Hi Rob,

>> I had to do something similar for a site owned by a 'print person' 
>> who insisted that lines be the recommended-for-reading-in-books 
>> length of somewhere around 7 words per line.
>> 
>> It was a simple matter to specify the width of the containing
>> element (the site's old enough that this used to be a table cell,
>> but it's now a DIV). I use EMs as the unit of measure, which with
>> the usual caveats, will give -- in most browsers most of the time,
>> which is as good as it gets -- a similar line length.
The containing element's width is fixed, that didn't help any, alas.

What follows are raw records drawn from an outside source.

(* Let $A$ and $B$ be commutative associative unital algebras over $\mathbb{C}$ or $\mathbb{R}$, let $\mathbf{f}_1,\dots,\mathbf{f}_r\colon A\to B$ be unital algebra homomorphisms, and let $n_1,\dots,n_r\in\mathbb{Z}$. Put $\mathbf{f}=\sum_{\alpha}n_\alpha\mathbf{f}_\alpha$, $p=\sum_{n_\alpha>0}n_\alpha$ and $q=-\sum_{n_\alpha<0}n_\alpha$. Then $\mathbf{f}$ is a $p|q$-homomorphism, with $\mathbf{f}(1)=\sum_\alpha n_\alpha=p-q$.
   Context: For a linear map $\mathbf{f}\colon A\to B$, its characteristic function is the formal power series $R(\mathbf{f},a,z)=\exp\bigl(\mathbf{f}(\ln(1+az))\bigr)\in B[[z]]$, where $\ln(1+az)=\sum_{k\ge1}(-1)^{k-1}a^kz^k/k$ and $\mathbf{f}$ is applied coefficientwise. A linear map $\mathbf{f}$ is called a $p|q$-homomorphism if for every $a\in A$, $R(\mathbf{f},a,z)$ is a rational function of $z$ representable as a ratio $P_a(z)/Q_a(z)$ of polynomials $P_a,Q_a\in B[z]$ of degrees $p$ and $q$ respectively, with $Q_a(0)=1$ (the ratio understood as a formal power series). *)

theory Defs
  imports Complex_Main "HOL-Computational_Algebra.Polynomial_FPS"
begin

text \<open>Algebras over R (complex algebras are in particular real algebras).
  Coefficientwise application of a map to a formal power series.\<close>
definition fps_map_coeffs :: "('a \<Rightarrow> 'b) \<Rightarrow> 'a fps \<Rightarrow> 'b fps" where
  "fps_map_coeffs f g = Abs_fps (\<lambda>k. f (fps_nth g k))"
lemma image_transpose_eq_if_shift_closed:
  assumes "finite \<A>"
    and shift: "\<And>B. B \<in> \<A> \<Longrightarrow> j \<in> B \<Longrightarrow> i \<notin> B \<Longrightarrow> transpose i j ` B \<in> \<A>"
    and same_degree: "card {B \<in> \<A>. i \<in> B} = card {B \<in> \<A>. j \<in> B}"
  shows "image (transpose i j) ` \<A> = \<A>"
proof -
  define \<sigma> where "\<sigma> = transpose i j"
  define \<A>i where "\<A>i = {B \<in> \<A>. i \<in> B \<and> j \<notin> B}"
  define \<A>j where "\<A>j = {B \<in> \<A>. j \<in> B \<and> i \<notin> B}"
  define \<A>ij where "\<A>ij = {B \<in> \<A>. i \<in> B \<and> j \<in> B}"
  have finite_parts: "finite \<A>i" "finite \<A>j" "finite \<A>ij"
    using \<open>finite \<A>\<close> unfolding \<A>i_def \<A>j_def \<A>ij_def by simp_all
  have "{B \<in> \<A>. i \<in> B} = \<A>i \<union> \<A>ij" "\<A>i \<inter> \<A>ij = {}"
    "{B \<in> \<A>. j \<in> B} = \<A>j \<union> \<A>ij" "\<A>j \<inter> \<A>ij = {}"
    unfolding \<A>i_def \<A>j_def \<A>ij_def by blast+
  then have "card \<A>i + card \<A>ij = card \<A>j + card \<A>ij"
    using same_degree finite_parts card_Un_disjoint by metis
  moreover have "image \<sigma> ` \<A>j \<subseteq> \<A>i"
  proof
    fix C assume "C \<in> image \<sigma> ` \<A>j"
    then obtain B where "B \<in> \<A>" "j \<in> B" "i \<notin> B" "C = \<sigma> ` B"
      unfolding \<A>j_def by blast
    moreover have "i \<in> \<sigma> ` B" "j \<notin> \<sigma> ` B"
      using calculation unfolding \<sigma>_def by (auto simp: in_transpose_image_iff)
    ultimately show "C \<in> \<A>i"
      using shift unfolding \<A>i_def \<sigma>_def by blast
  qed
  moreover have "card (image \<sigma> ` \<A>j) = card \<A>j"
    unfolding \<sigma>_def using inj_image_transpose by (rule card_image[OF inj_on_subset]) simp
  ultimately have \<A>j_onto_\<A>i: "image \<sigma> ` \<A>j = \<A>i"
    using \<open>finite \<A>\<close> by (intro card_subset_eq) (auto simp: \<A>i_def)
  have "\<sigma> ` B \<in> \<A>" if B: "B \<in> \<A>" for B
  proof -
    consider "B \<in> \<A>j" | "B \<in> \<A>i" | "i \<in> B \<longleftrightarrow> j \<in> B"
      using B unfolding \<A>i_def \<A>j_def by blast
    then show ?thesis
    proof cases
      case 1
      then show ?thesis using \<A>j_onto_\<A>i unfolding \<A>i_def by blast
    next
      case 2
      then obtain B' where "B' \<in> \<A>j" "B = \<sigma> ` B'" using \<A>j_onto_\<A>i by blast
      then show ?thesis unfolding \<A>j_def \<sigma>_def by simp
    qed (use B in \<open>simp add: \<sigma>_def\<close>)
  qed
  then have "image \<sigma> ` \<A> \<subseteq> \<A>" by blast
  then show ?thesis unfolding \<sigma>_def by (rule image_transpose_eq_if_subset)
qed

lemma colex_init_transpose_eq:
  assumes "i \<in> {1..n}" "j \<in> {1..n}"
    and "card {B \<in> colex_init n r k. i \<in> B} = card {B \<in> colex_init n r k. j \<in> B}"
  shows "image (transpose i j) ` colex_init n r k = colex_init n r k"
proof -
  have "finite (colex_init n r k)"
    using finite_ksubsets[of "{1..n}" r] unfolding colex_init_def by simp
  consider "i < j" | "i = j" | "j < i" by linarith
  then show ?thesis
  proof cases
    case 1
    show ?thesis
      using image_transpose_eq_if_shift_closed[OF \<open>finite (colex_init n r k)\<close>
          colex_init_transpose_closed[OF 1 assms(1)] assms(3)] .
  next
    case 3
    show ?thesis
      using image_transpose_eq_if_shift_closed[OF \<open>finite (colex_init n r k)\<close>
          colex_init_transpose_closed[OF 3 assms(2)] assms(3)[symmetric]]
      by (simp add: transpose_commute)
  qed simp
qed

definition coord_balance :: "nat \<Rightarrow> nat set set \<Rightarrow> int" where
  "coord_balance l S = (\<Sum>x\<in>S. if l \<in> x then -1 else 1)"

definition balance_norm :: "nat \<Rightarrow> nat set set \<Rightarrow> int" where
  "balance_norm n S = (\<Sum>l\<in>{1..n}. \<bar>coord_balance l S\<bar>)"

lemma balance_norm_cube_aut:
  assumes "\<tau> permutes {1..n}"
  shows "balance_norm n (cube_aut \<tau> I ` S) = balance_norm n S"
proof -
  have "inj \<tau>" using permutes_inj[OF assms] .
  have "inj (cube_aut \<tau> I)"
  proof (rule injI)
    fix x y assume "cube_aut \<tau> I x = cube_aut \<tau> I y"
    then have "\<tau> ` x = \<tau> ` y" unfolding cube_aut_def by blast
    then show "x = y" using \<open>inj \<tau>\<close> by (simp add: inj_image_eq_iff)
  qed
  have flip: "\<bar>coord_balance (\<tau> l) (cube_aut \<tau> I ` S)\<bar> = \<bar>coord_balance l S\<bar>" for l
  proof -
    have "coord_balance (\<tau> l) (cube_aut \<tau> I ` S)
        = (\<Sum>x\<in>S. if \<tau> l \<in> cube_aut \<tau> I x then -1 else 1)"
      unfolding coord_balance_def
      using sum.reindex[OF inj_on_subset[OF \<open>inj (cube_aut \<tau> I)\<close>]] by simp
    also have "\<dots> = (\<Sum>x\<in>S. (if \<tau> l \<in> I then -1 else 1) * (if l \<in> x then -1 else 1))"
      using \<open>inj \<tau>\<close> by (intro sum.cong) (auto simp: cube_aut_def inj_image_mem_iff)
    also have "\<dots> = (if \<tau> l \<in> I then -1 else 1) * coord_balance l S"
      unfolding coord_balance_def by (simp add: sum_distrib_left)
    finally show ?thesis by (simp add: abs_mult)
  qed
  have "balance_norm n (cube_aut \<tau> I ` S)
      = (\<Sum>l\<in>{1..n}. \<bar>coord_balance (\<tau> l) (cube_aut \<tau> I ` S)\<bar>)"
    unfolding balance_norm_def
    using sum.reindex_bij_betw[OF permutes_imp_bij[OF assms],
        of "\<lambda>l. \<bar>coord_balance l (cube_aut \<tau> I ` S)\<bar>"] by simp
  also have "\<dots> = balance_norm n S"
    unfolding balance_norm_def flip ..
  finally show ?thesis .
qed

lemma coord_balance_eq_card:
  "finite S \<Longrightarrow> coord_balance l S = int (card {x \<in> S. l \<notin> x}) - int (card {x \<in> S. l \<in> x})"
  unfolding coord_balance_def by (simp add: sum.If_cases Int_def conj_commute)

lemma coord_balance_le_card: "coord_balance l S \<le> int (card S)"
proof -
  have "coord_balance l S \<le> of_nat (card S) * 1"
    unfolding coord_balance_def by (rule sum_bounded_above) simp
  then show ?thesis by simp
qed

lemma sum_coord_balance:
  assumes "finite Y" "\<And>x. x \<in> S \<Longrightarrow> x \<subseteq> Y"
  shows "(\<Sum>l\<in>Y. coord_balance l S) = (\<Sum>x\<in>S. int (card Y) - 2 * int (card x))"
proof -
  have "(\<Sum>l\<in>Y. if l \<in> x then -1 else 1) = int (card Y) - 2 * int (card x)" if "x \<in> S" for x
  proof -
    have "x \<subseteq> Y" using assms(2) that .
    moreover from this have "finite x" using \<open>finite Y\<close> by (rule finite_subset)
    ultimately have "card (Y \<inter> x) = card x" "card (Y - x) = card Y - card x" "card x \<le> card Y"
      using \<open>finite Y\<close> by (simp_all add: Int_absorb1 card_Diff_subset card_mono)
    then show ?thesis
      using \<open>finite Y\<close> by (simp add: sum.If_cases Diff_eq)
  qed
  then show ?thesis
    unfolding coord_balance_def by (subst sum.swap) (rule sum.cong, simp_all)
qed

lemma coord_balance_ksubsets_ge:
  assumes "finite Y" "l \<in> Y"
  shows "coord_balance l (ksubsets_ge Y (Suc r)) = - int (card (Y - {l}) choose r)"
proof -
  define Y' where "Y' = Y - {l}"
  have "finite Y'" using assms(1) unfolding Y'_def by simp
  have without_l: "{x \<in> ksubsets_ge Y (Suc r). l \<notin> x} = ksubsets_ge Y' (Suc r)"
    unfolding ksubsets_ge_def Y'_def by auto
  have "bij_betw (\<lambda>x. x - {l}) {x \<in> ksubsets_ge Y (Suc r). l \<in> x} (ksubsets_ge Y' r)"
  proof (rule bij_betw_byWitness[where f' = "insert l"])
    show "(\<lambda>x. x - {l}) ` {x \<in> ksubsets_ge Y (Suc r). l \<in> x} \<subseteq> ksubsets_ge Y' r"
    proof (rule image_subsetI)
      fix x assume "x \<in> {x \<in> ksubsets_ge Y (Suc r). l \<in> x}"
      moreover then have "finite x" using assms(1) finite_subset unfolding ksubsets_ge_def by auto
      ultimately show "x - {l} \<in> ksubsets_ge Y' r" unfolding ksubsets_ge_def Y'_def by auto
    qed
    show "insert l ` ksubsets_ge Y' r \<subseteq> {x \<in> ksubsets_ge Y (Suc r). l \<in> x}"
    proof (rule image_subsetI)
      fix x assume "x \<in> ksubsets_ge Y' r"
      moreover then have "finite x" "l \<notin> x"
        using \<open>finite Y'\<close> finite_subset unfolding ksubsets_ge_def Y'_def by auto
      ultimately show "insert l x \<in> {x \<in> ksubsets_ge Y (Suc r). l \<in> x}"
        using assms(2) unfolding ksubsets_ge_def Y'_def by auto
    qed
  qed (auto simp: ksubsets_ge_def Y'_def)
  moreover have "ksubsets_ge Y' r = ksubsets_ge Y' (Suc r) \<union> ksubsets Y' r"
    "ksubsets_ge Y' (Suc r) \<inter> ksubsets Y' r = {}"
    unfolding ksubsets_ge_def ksubsets_def by auto
  ultimately have with_l:
    "card {x \<in> ksubsets_ge Y (Suc r). l \<in> x} = card (ksubsets_ge Y' (Suc r)) + card (ksubsets Y' r)"
    using \<open>finite Y'\<close>
    by (simp add: bij_betw_same_card card_Un_disjoint finite_ksubsets finite_ksubsets_ge)
  have "card (ksubsets Y' r) = card Y' choose r"
    unfolding ksubsets_def using \<open>finite Y'\<close> by (rule n_subsets)
  then show ?thesis
    using coord_balance_eq_card[OF finite_ksubsets_ge[OF assms(1)]] without_l with_l
    unfolding Y'_def by simp
qed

I
checked on Firefox/Win and Safari/Win and had to add in a few
line-breaks for Safari where Firefox's text flow already worked
normally. That sucks for longer texts of course and is at best unreliable.

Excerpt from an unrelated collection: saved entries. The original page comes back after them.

(* Let $A\in\mathbb{R}^{d\times d}$ be invertible, $\bm{b}\in\mathbb{R}^d$, $\bm{x}_0\in\mathbb{R}^d$, $\Sigma_0$ symmetric positive-definite, and write $\langle\bm{u},\bm{v}\rangle_{A\Sigma_0A^\top}=\bm{u}^\top A\Sigma_0A^\top\bm{v}$ with associated norm $\|\cdot\|_{A\Sigma_0A^\top}$. Define recursively: $\bm{r}_0=\bm{b}-A\bm{x}_0$, $\tilde{\bm{s}}_1=\bm{r}_0$, $\bm{s}_1=\tilde{\bm{s}}_1/\|\tilde{\bm{s}}_1\|_{A\Sigma_0A^\top}$; for $k\ge1$, with $S_k=[\bm{s}_1,\dots,\bm{s}_k]$ and $\Lambda_k=S_k^\top A\Sigma_0A^\top S_k$, set $\bm{x}_k=\bm{x}_0+\Sigma_0A^\top S_k\Lambda_k^{-1}S_k^\top\bm{r}_0$, $\bm{r}_k=\bm{b}-A\bm{x}_k$, $\tilde{\bm{s}}_{k+1}=\bm{r}_k-\langle\bm{s}_k,\bm{r}_k\rangle_{A\Sigma_0A^\top}\bm{s}_k$, and, assuming $\tilde{\bm{s}}_{k+1}\neq\bm{0}$, $\bm{s}_{k+1}=\tilde{\bm{s}}_{k+1}/\|\tilde{\bm{s}}_{k+1}\|_{A\Sigma_0A^\top}$. Then for each $m$ such that $\tilde{\bm{s}}_1,\dots,\tilde{\bm{s}}_m\neq\bm{0}$, the set $\{\bm{s}_i\}_{i=1}^m$ is $A\Sigma_0A^\top$-orthonormal, and consequently $\Lambda_m=I$ (so in particular the recursion is well defined).
   Context: $\bm{x}_k$ is the posterior mean of $\bm{x}$ under the prior $\mathcal{N}(\bm{x}_0,\Sigma_0)$ conditioned on $S_k^\top A\bm{x}=S_k^\top\bm{b}$. A set $\{\bm{s}_i\}$ is $A\Sigma_0A^\top$-orthonormal if $\langle\bm{s}_i,\bm{s}_j\rangle_{A\Sigma_0A^\top}=\delta_{ij}$. *)

theory Defs
  imports "Jordan_Normal_Form.Determinant"
begin

(* Matrix inverse (the genuine inverse whenever det M \<noteq> 0) *)
definition minv :: "real mat \<Rightarrow> real mat" where
  "minv M = (1 / det M) \<cdot>\<^sub>m adj_mat M"

definition wmat :: "real mat \<Rightarrow> real mat \<Rightarrow> real mat" where
  "wmat A Sig = A * Sig * A\<^sup>T"

definition ipW :: "real mat \<Rightarrow> real vec \<Rightarrow> real vec \<Rightarrow> real" where
  "ipW W u v = u \<bullet> (W *\<^sub>v v)"

definition normW :: "real mat \<Rightarrow> real vec \<Rightarrow> real" where
  "normW W v = sqrt (ipW W v v)"

definition sym_pos_def :: "nat \<Rightarrow> real mat \<Rightarrow> bool" where
  "sym_pos_def d S \<longleftrightarrow> S \<in> carrier_mat d d \<and> S\<^sup>T = S \<and>
     (\<forall>v \<in> carrier_vec d. v \<noteq> 0\<^sub>v d \<longrightarrow> v \<bullet> (S *\<^sub>v v) > 0)"

definition Smat :: "nat \<Rightarrow> real vec list \<Rightarrow> real mat" where
  "Smat d ss = mat_of_cols d ss"

definition Lambda :: "nat \<Rightarrow> real mat \<Rightarrow> real mat \<Rightarrow> real vec list \<Rightarrow> real mat" where
  "Lambda d A Sig ss = (Smat d ss)\<^sup>T * wmat A Sig * Smat d ss"

definition xk :: "nat \<Rightarrow> real mat \<Rightarrow> real mat \<Rightarrow> real vec \<Rightarrow> real vec \<Rightarrow> real vec list \<Rightarrow> real vec" where
  "xk d A Sig b x0 ss =
     x0 + (Sig * A\<^sup>T * Smat d ss * minv (Lambda d A Sig ss) * (Smat d ss)\<^sup>T) *\<^sub>v (b - A *\<^sub>v x0)"

definition next_stilde :: "nat \<Rightarrow> real mat \<Rightarrow> real mat \<Rightarrow> real vec \<Rightarrow> real vec \<Rightarrow> real vec list \<Rightarrow> real vec" where
  "next_stilde d A Sig b x0 ss =
     (let r = b - A *\<^sub>v xk d A Sig b x0 ss; s = last ss
      in r - ipW (wmat A Sig) s r \<cdot>\<^sub>v s)"

definition normalizeW :: "real mat \<Rightarrow> real vec \<Rightarrow> real vec" where
  "normalizeW W v = (1 / normW W v) \<cdot>\<^sub>v v"

(* svecs k = [s_1, ..., s_k] *)
fun svecs :: "nat \<Rightarrow> real mat \<Rightarrow> real mat \<Rightarrow> real vec \<Rightarrow> real vec \<Rightarrow> nat \<Rightarrow> real vec list" where
  "svecs d A Sig b x0 0 = []"
| "svecs d A Sig b x0 (Suc k) =
     (if k = 0 then [normalizeW (wmat A Sig) (b - A *\<^sub>v x0)]
      else svecs d A Sig b x0 k @
           [normalizeW (wmat A Sig) (next_stilde d A Sig b x0 (svecs d A Sig b x0 k))])"

fun stilde :: "nat \<Rightarrow> real mat \<Rightarrow> real mat \<Rightarrow> real vec \<Rightarrow> real vec \<Rightarrow> nat \<Rightarrow> real vec" where
  "stilde d A Sig b x0 0 = undefined"
| "stilde d A Sig b x0 (Suc 0) = b - A *\<^sub>v x0"
| "stilde d A Sig b x0 (Suc (Suc k)) = next_stilde d A Sig b x0 (svecs d A Sig b x0 (Suc k))"

definition svec :: "nat \<Rightarrow> real mat \<Rightarrow> real mat \<Rightarrow> real vec \<Rightarrow> real vec \<Rightarrow> nat \<Rightarrow> real vec" where
  "svec d A Sig b x0 k = last (svecs d A Sig b x0 k)"

end

theory Submission
  imports Defs
begin

(* Write W = A Sig0 A^T, which is symmetric positive definite. While s_1, ..., s_k are
   W-orthonormal, Lambda_k = I and r_k = r_0 - W S_k S_k^T r_0. Hence s_i^T r_k = 0 for i <= k,
   r_(i-1) - r_i = (s_i^T r_0) W s_i, and, r_k being a combination of s_(k+1) and s_k, the
   residuals are mutually orthogonal. Also s_i^T r_0 = s_i^T r_(i-1) is a positive multiple of
   |r_(i-1)|^2, so it is nonzero, and dividing by it gives <s_i, r_k>_W = 0 for i < k. Thus
   s~_(k+1) = r_k - <s_k, r_k>_W s_k is W-orthogonal to s_k by construction and to s_1, ...,
   s_(k-1) because r_k is; the claim follows by induction on k. *)

lemma smult_one_mat: "1 \<cdot>\<^sub>m (A :: 'a :: semiring_1 mat) = A"
  by (intro eq_matI) auto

If I use, say, 62.5% font-size for the body and ems for paragraphs some
of the text flows as planned in both browsers with a few minor
inconsistencies further down the road. What makes me really crazy is the
finality of the demand.. there's no reasoning possible it seems. What
counts is the result, no matter how it's achieved and I'm a bit lost here.

I'm not really sure how to compensate for the font size differences
between Win and Mac. Should I perhaps use a browser sniffer (unreliable
I heard) and influence the font size for the Mac? Evenf for Firefox/Mac
which shows those different text flows as well? Is that "good practise"?